Barcelona Summer School 2025

The second Summer School of the PortADa project took place between January and March 2025, hosted by the University of Barcelona, and focused on a key stage in the project’s development: the refinement of extracted data. This phase marked the transition from generating text corpora to preparing them for structured analysis..

During this meeting, essential tasks were completed to advance the processing of ship arrival reports at the ports, including:

  • The optimisation of segmentation procedures, which allow for the correct organisation of the content on each digitised page.
  • The completion of the OCR process on digitised historical press images, resolving errors and refining the automatic recognition procedure.
  • The start of text refinement tasks, based on representative samples of the corpus. This work made it possible to identify and categorise frequent errors and to establish differentiated strategies depending on the type of entity mentioned (ports, vessels, people).
  • The design and use of dictionaries and controlled word lists, both for normalisation and for the automatic detection of errors and ambiguities.

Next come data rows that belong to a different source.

(* Let $n\ge 5$ with $n\equiv 1\pmod 4$, fix $\delta_0>0$, and let $T(a,b)=(n-1)^{n-1}a^n+n^nb^{n-1}$. For positive integers $A,B$ and a squarefree integer $d$, let $R_0(d)$ be the number of pairs $(a,b)\in\mathbb Z^2$ with $A\le |a|\le 2A$, $B\le |b|\le 2B$, $\gcd((n-1)a,nb)=1$ and $T(a,b)=d$. Then there is a constant $C>0$ such that for all sufficiently large $A$ and all $B>A^{1+\delta_0}$, $$\sum_{d\ \text{squarefree}}R_0(d)^2\le C\,AB.$$ *)

theory Defs
  imports Complex_Main "HOL-Computational_Algebra.Squarefree"
begin

definition T_form :: "nat \<Rightarrow> int \<Rightarrow> int \<Rightarrow> int" where
  "T_form n a b = (int n - 1) ^ (n - 1) * a ^ n + int n ^ n * b ^ (n - 1)"

definition R0 :: "nat \<Rightarrow> nat \<Rightarrow> nat \<Rightarrow> int \<Rightarrow> nat" where
  "R0 n A B d = card {(a :: int, b :: int).
      int A \<le> \<bar>a\<bar> \<and> \<bar>a\<bar> \<le> 2 * int A \<and>
      int B \<le> \<bar>b\<bar> \<and> \<bar>b\<bar> \<le> 2 * int B \<and>
      gcd ((int n - 1) * a) (int n * b) = 1 \<and> T_form n a b = d}"

end

theory Submission
  imports Defs
begin

text \<open>The sum of \<open>R0(d)^2\<close> is at most the number of pairs of points \<open>(a, b), (a', b')\<close> of
  the box with \<open>T(a, b) = T(a', b')\<close>. If \<open>a = a'\<close> then \<open>b' = \<plusminus>b\<close> because \<open>n - 1\<close> is even,
  which gives \<open>O(AB)\<close> pairs. If \<open>a \<noteq> a'\<close> then
  \<open>n^n (b^(n-1) - b'^(n-1)) = (n-1)^(n-1) (a'^n - a^n) =: M\<close>, where \<open>M \<noteq> 0\<close> because \<open>n\<close> is odd,
  and both \<open>b - b'\<close> and \<open>b + b'\<close> divide \<open>M\<close>. By the divisor bound \<open>\<tau>(M) = O(A^(\<delta>0/2))\<close>,
  each of the \<open>O(A^2)\<close> pairs \<open>(a, a')\<close> contributes \<open>O(A^\<delta>0)\<close> pairs \<open>(b, b')\<close>, and
  \<open>A^(2+\<delta>0) < AB\<close>.\<close>

lemma power_powr_commute:
  fixes x \<epsilon> :: real
  assumes "x \<ge> 0"
  shows "(x ^ e) powr \<epsilon> = (x powr \<epsilon>) ^ e"
proof (cases "x = 0")
  case True
  then show ?thesis by (cases e) auto
next
  case False
  with assms have "x > 0" by simp
  then show ?thesis
    by (simp add: powr_power powr_realpow[symmetric] powr_powr mult.commute)
qed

At the end of the Summer School, an academic seminar was held, featuring international experts involved in leading projects in the fields of maritime history and the application of digital technologies for large-scale processing of data from digitised historical newspapers. The presentations included:

  • Silvia Marzagalli (Université Côte d’Azur – The Portic Project): The Portic experience: understanding maritime trade through digital humanities.
  • Miguel Ángel Bringas Gutiérrez (University of Cantabria): Commercial Traffic through the Port of Santander, 1881–1891
  • Antoine Doucet (University of Ljubljana / La Rochelle Université): NewsEye – a digital investigator for historical newspapers.

These exchanges made it possible to compare the methodological approaches of the PortADa project with similar experiences, enrich the refinement process, and open up new avenues for collaboration.

As a result of this Summer School, the full text of virtually all newspapers corresponding to the study period was successfully obtained—an important milestone for the project. In addition, a work plan was outlined for the next stage: the development of an interactive digital platform that will enable collaborative refinement, validation, and data extraction tasks to be carried out in a distributed manner across the various research teams.

The Barcelona Summer School thus consolidated a new phase of the project, focused on the transition from text to data and on strengthening the tools required for a rigorous and sustainable exploitation of the generated corpus.